On Wed, Jun 30, 2021 at 08:58:23PM +0530, Naveen Krishna Chatradhi wrote:
> From: Muralidhara M K <muralimk@amd.com>
> 
> On newer heterogeneous systems from AMD, there is a possibility of 
> having GPU nodes along with CPU nodes with the MCA banks. The GPU 
> nodes (noncpu nodes) starts enumerating from northbridge index 8.
>

"there is a possibility of having GPU nodes along with CPU nodes with the MCA banks" doesn't read clearly to me. It could be more explicit.
For example, "On newer systems...the CPUs manages MCA errors reported from the GPUs. Enumerate the GPU nodes with the AMD NB framework to support EDAC, etc." or something like this.

Also, "northbridge index" isn't a hardware thing rather it's an internal Linux value. I think you are referring to the "AMD Node ID" value from CPUID. The GPUs don't have CPUID, so the "AMD Node ID" value can't be directly read like for CPUs. But the current hardware implementation is such that the GPU nodes are enumerated in sequential order based on the PCI hierarchy, and the first GPU node is assumed to have an "AMD Node ID" value of 8 (the second GPU node has 9, etc.). With this implemenation detail, the Data Fabric on the GPU nodes can be accessed the same way as the Data Fabric on CPU nodes.

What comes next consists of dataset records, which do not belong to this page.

lemma Fmap_Gmap:
  assumes f: "scott_cont f" and k: "k \<in> FC"
  shows "Fmap (Gmap f) k = f k"
proof
  show "Fmap (Gmap f) k \<subseteq> f k"
  proof
    fix \<rho>' assume "\<rho>' \<in> Fmap (Gmap f) k"
    then obtain \<rho> \<kappa> where h: "Arr \<kappa> \<rho> \<in> Gmap f" "\<kappa> \<in> k" "leR \<rho> \<rho>'"
      unfolding Fmap_def app_eq by blast
    then have "isC \<kappa>" using FC_is_filter[OF k] is_filter_L by blast
    with h have "\<rho>' \<in> f (upc leC {\<kappa>})"
      using Arr_mem_Gmap[OF f] FR_is_filter[OF scott_cont_in_FR[OF f principal_in_FC]]
      by (blast intro: is_filter_upward)
    then show "\<rho>' \<in> f k"
      using scott_cont_mono[OF f principal_in_FC[OF \<open>isC \<kappa>\<close>] k upc_subset_FC[OF k h(2)]] by blast
  qed
next
  show "f k \<subseteq> Fmap (Gmap f) k"
  proof
    fix \<rho> assume "\<rho> \<in> f k"
    then obtain \<kappa> where \<kappa>: "\<kappa> \<in> k" "\<rho> \<in> f (upc leC {\<kappa>})"
      using scott_cont_eq_Union_principal[OF f k] by blast
    then have "isC \<kappa>" using FC_is_filter[OF k] is_filter_L by blast
    then have "isR \<rho>"
      using \<kappa>(2) FR_is_filter[OF scott_cont_in_FR[OF f principal_in_FC]] is_filter_L by blast
    with \<open>isC \<kappa>\<close> \<kappa>(2) have "Arr \<kappa> \<rho> \<in> Gmap f"
      unfolding Gmap_eq_entails arrow_gens_def by (auto intro: D.entails_member)
    with \<kappa>(1) \<open>isR \<rho>\<close> show "\<rho> \<in> Fmap (Gmap f) k"
      unfolding Fmap_def app_eq by (blast intro: leR.reflR)
  qed
qed

lemma Gmap_mono:
  "(\<And>\<kappa>. isC \<kappa> \<Longrightarrow> f1 (upc leC {\<kappa>}) \<subseteq> f2 (upc leC {\<kappa>})) \<Longrightarrow> Gmap f1 \<subseteq> Gmap f2"
  unfolding Gmap_eq_entails arrow_gens_def by (blast intro: D.entails_mono)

> Aldebaran GPUs have 2 root ports, with 4 misc port for each root.
> 

I don't fully understand this sentence. There are 2 "Nodes"/Data Fabrics per GPU package, but what do "4 misc port for each root" mean? In any case, is this relevant to this patch?

Also, there should be an imperitive in the commit message, i.e. "Add ...".
[naveenk:] Modified the commit message

> Signed-off-by: Muralidhara M K <muralimk@amd.com>
> Signed-off-by: Naveen Krishna Chatradhi <nchatrad@amd.com>
> ---
>  arch/x86/include/asm/amd_nb.h |  6 ++++
>  arch/x86/kernel/amd_nb.c      | 62 ++++++++++++++++++++++++++++++++---
>  2 files changed, 63 insertions(+), 5 deletions(-)
> 
> diff --git a/arch/x86/include/asm/amd_nb.h 
> b/arch/x86/include/asm/amd_nb.h index 00d1a400b7a1..e71581cf00e3 
> 100644
> --- a/arch/x86/include/asm/amd_nb.h
> +++ b/arch/x86/include/asm/amd_nb.h
> @@ -79,6 +79,12 @@ struct amd_northbridge_info {
>  
>  #ifdef CONFIG_AMD_NB
>  
> +/*
> + * On Newer heterogeneous systems from AMD with CPU and GPU nodes 
> +connected
> + * via xGMI links, the NON CPU Nodes are enumerated from index 8  */
> +#define NONCPU_NODE_INDEX	8

"Newer" doesn't need to be capatilized. And there should be a period at the end of the sentence.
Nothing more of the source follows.